▶ _What the task requires_:
Each line of the listing that includes the string "lemma" is to be identified and copied.
☆ ☆ ☆
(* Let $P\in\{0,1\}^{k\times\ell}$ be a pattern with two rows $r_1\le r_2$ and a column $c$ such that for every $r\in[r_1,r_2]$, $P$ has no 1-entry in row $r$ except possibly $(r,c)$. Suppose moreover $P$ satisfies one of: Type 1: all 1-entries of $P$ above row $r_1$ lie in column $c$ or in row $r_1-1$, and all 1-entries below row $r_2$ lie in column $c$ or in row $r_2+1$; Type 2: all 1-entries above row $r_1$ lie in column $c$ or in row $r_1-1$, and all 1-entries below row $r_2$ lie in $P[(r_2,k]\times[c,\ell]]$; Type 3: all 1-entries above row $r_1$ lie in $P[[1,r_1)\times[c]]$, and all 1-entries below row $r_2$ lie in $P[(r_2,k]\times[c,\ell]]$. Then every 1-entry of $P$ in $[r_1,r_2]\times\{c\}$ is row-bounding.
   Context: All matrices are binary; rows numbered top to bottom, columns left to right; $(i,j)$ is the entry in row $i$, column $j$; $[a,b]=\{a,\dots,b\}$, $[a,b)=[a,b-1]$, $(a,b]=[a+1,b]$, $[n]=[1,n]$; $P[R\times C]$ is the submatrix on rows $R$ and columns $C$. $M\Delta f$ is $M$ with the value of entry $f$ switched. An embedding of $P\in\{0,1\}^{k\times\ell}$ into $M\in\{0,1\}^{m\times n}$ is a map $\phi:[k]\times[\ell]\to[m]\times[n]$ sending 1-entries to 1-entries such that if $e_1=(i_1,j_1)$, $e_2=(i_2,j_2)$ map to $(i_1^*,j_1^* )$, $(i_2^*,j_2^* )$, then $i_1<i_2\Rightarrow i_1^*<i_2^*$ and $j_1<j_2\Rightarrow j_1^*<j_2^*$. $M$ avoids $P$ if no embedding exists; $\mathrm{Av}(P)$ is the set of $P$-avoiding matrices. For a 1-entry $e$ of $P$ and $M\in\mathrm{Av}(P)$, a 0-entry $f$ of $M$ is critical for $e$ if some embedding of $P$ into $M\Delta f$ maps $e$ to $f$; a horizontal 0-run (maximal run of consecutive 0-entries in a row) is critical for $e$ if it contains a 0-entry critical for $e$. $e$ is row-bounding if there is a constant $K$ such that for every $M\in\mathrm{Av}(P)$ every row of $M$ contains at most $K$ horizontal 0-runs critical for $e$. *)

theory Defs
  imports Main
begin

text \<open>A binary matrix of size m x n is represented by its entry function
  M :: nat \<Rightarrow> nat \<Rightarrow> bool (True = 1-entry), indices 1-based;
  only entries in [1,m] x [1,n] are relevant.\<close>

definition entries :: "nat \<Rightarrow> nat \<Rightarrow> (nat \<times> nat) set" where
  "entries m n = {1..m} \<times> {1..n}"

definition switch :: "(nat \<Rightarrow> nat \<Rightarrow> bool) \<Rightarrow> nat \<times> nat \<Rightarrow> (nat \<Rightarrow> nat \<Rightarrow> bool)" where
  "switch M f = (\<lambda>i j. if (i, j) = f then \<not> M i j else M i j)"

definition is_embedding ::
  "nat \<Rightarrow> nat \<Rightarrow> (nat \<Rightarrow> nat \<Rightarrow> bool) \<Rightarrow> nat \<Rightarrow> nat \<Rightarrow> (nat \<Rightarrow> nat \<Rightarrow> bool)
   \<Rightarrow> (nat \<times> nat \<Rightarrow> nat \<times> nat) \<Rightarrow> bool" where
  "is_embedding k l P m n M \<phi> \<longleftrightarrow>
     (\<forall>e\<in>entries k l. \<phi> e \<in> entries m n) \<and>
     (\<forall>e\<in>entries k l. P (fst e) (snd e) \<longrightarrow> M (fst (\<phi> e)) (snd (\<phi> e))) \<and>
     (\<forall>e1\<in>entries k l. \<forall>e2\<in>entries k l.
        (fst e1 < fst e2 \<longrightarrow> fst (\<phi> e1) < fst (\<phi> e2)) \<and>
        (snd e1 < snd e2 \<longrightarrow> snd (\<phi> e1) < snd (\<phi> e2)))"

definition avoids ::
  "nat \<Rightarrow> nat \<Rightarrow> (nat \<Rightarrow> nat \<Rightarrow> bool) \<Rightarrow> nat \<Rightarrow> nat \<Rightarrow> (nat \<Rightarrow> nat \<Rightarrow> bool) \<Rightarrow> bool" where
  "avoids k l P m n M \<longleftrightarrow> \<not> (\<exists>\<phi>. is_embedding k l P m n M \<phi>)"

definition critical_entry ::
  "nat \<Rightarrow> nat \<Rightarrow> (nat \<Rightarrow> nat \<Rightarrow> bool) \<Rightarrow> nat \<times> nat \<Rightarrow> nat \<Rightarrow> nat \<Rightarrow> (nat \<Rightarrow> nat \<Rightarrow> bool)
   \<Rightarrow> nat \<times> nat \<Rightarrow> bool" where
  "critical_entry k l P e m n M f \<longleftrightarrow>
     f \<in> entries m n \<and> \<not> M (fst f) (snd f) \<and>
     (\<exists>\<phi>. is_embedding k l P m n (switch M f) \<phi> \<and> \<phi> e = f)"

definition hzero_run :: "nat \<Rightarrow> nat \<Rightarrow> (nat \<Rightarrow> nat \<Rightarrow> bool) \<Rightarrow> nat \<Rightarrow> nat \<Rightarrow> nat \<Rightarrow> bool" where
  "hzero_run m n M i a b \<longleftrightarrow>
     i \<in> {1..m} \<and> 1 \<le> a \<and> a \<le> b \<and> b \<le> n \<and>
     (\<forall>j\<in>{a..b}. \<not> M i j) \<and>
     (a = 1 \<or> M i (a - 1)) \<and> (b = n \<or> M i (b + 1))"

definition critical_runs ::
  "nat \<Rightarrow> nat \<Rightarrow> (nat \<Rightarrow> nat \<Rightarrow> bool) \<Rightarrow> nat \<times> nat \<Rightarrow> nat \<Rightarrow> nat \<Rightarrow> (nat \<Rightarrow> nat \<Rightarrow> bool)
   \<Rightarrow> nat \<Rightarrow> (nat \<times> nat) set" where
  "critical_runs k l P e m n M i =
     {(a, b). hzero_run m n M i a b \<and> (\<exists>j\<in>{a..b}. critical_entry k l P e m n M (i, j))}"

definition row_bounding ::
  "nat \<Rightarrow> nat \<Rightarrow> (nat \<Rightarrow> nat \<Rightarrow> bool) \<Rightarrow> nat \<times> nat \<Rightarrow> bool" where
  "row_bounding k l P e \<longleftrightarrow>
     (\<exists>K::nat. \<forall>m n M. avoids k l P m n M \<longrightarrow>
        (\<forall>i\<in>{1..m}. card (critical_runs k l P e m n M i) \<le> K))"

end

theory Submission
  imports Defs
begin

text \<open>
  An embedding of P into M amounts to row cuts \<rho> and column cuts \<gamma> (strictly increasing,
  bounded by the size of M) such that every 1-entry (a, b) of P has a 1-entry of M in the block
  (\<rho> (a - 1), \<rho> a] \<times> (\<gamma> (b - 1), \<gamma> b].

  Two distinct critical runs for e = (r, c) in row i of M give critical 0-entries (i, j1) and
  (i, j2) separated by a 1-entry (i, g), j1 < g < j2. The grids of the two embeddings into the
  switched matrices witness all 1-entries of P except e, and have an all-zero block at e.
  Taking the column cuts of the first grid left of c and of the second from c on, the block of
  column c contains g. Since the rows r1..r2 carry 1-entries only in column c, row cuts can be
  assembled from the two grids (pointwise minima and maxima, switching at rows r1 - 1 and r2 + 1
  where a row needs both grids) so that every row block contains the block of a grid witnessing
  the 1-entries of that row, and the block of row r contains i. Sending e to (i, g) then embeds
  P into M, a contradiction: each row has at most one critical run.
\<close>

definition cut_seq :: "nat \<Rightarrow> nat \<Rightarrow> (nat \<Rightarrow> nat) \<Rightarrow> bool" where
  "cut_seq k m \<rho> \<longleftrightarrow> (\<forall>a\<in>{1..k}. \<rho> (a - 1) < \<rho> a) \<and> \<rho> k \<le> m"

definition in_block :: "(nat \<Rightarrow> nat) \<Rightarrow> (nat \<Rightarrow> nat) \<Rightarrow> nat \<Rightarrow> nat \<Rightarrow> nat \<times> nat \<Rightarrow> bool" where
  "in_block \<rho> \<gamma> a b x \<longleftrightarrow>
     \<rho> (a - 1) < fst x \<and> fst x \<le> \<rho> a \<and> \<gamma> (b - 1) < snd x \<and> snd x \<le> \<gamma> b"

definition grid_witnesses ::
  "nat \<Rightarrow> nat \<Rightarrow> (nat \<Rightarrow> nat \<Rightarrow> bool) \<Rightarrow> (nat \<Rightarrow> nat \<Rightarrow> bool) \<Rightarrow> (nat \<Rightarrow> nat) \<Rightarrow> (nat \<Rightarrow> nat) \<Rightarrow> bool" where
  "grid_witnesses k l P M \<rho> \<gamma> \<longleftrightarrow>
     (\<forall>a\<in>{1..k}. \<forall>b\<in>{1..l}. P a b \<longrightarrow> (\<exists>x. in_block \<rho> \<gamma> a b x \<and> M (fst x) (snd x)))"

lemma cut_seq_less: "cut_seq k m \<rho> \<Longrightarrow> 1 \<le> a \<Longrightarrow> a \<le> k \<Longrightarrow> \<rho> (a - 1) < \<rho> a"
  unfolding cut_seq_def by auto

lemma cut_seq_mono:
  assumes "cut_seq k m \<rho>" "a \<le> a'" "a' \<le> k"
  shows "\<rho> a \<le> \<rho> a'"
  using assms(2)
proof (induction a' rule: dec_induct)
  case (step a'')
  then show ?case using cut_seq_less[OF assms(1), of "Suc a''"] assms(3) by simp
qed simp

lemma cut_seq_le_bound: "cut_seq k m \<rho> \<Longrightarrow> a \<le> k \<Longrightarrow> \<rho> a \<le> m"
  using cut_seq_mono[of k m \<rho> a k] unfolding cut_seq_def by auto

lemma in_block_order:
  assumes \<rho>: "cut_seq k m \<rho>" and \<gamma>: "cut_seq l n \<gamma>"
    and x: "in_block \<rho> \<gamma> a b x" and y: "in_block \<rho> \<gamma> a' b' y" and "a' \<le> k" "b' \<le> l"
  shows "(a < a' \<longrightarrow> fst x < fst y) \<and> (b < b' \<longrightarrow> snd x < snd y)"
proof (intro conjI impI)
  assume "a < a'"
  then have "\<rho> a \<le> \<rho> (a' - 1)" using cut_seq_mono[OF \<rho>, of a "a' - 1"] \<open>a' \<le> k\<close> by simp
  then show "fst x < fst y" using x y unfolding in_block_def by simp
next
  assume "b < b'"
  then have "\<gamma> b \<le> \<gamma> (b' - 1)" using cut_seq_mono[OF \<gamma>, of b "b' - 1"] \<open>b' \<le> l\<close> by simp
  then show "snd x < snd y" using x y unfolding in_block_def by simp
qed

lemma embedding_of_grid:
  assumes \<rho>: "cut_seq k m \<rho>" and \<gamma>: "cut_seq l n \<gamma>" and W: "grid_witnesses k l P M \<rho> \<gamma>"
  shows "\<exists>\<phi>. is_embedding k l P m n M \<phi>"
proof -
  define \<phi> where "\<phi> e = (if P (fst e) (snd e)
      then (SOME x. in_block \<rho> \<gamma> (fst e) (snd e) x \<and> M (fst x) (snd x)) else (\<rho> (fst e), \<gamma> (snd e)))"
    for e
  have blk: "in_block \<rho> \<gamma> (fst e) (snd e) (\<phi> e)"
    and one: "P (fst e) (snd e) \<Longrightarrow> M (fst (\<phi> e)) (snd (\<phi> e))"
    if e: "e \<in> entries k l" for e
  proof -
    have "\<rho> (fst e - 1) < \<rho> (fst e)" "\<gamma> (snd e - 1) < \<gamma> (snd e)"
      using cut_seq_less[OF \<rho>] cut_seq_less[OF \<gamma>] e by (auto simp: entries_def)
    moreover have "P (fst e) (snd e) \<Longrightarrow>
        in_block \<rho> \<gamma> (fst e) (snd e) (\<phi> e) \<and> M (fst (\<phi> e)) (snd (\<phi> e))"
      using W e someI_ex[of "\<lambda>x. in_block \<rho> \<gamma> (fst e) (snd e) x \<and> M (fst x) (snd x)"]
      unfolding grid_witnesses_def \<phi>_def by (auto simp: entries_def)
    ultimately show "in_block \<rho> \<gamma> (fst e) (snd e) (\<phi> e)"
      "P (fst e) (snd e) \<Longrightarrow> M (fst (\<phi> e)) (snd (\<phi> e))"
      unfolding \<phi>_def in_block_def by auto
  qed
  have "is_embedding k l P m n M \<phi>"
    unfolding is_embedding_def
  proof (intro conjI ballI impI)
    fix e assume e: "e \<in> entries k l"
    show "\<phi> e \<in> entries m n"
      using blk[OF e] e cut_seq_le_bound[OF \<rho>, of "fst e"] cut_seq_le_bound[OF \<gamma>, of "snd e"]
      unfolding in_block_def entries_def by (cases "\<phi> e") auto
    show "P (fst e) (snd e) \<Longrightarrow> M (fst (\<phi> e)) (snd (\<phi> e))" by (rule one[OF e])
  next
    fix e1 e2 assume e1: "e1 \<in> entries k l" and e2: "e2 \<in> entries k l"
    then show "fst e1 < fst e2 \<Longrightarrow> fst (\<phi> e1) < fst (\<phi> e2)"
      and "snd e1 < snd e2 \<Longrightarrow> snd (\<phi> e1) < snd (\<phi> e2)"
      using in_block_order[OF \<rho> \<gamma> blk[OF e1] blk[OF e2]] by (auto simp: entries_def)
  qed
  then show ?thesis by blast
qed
☆ ☆ ☆
▶ _Response box_:
lemma cut_seq_less: "cut_seq k m \<rho> \<Longrightarrow> 1 \<le> a \<Longrightarrow> a \<le> k \<Longrightarrow> \<rho> (a - 1) < \<rho> a"
lemma cut_seq_mono:
lemma cut_seq_le_bound: "cut_seq k m \<rho> \<Longrightarrow> a \<le> k \<Longrightarrow> \<rho> a \<le> m"
lemma in_block_order:
lemma embedding_of_grid:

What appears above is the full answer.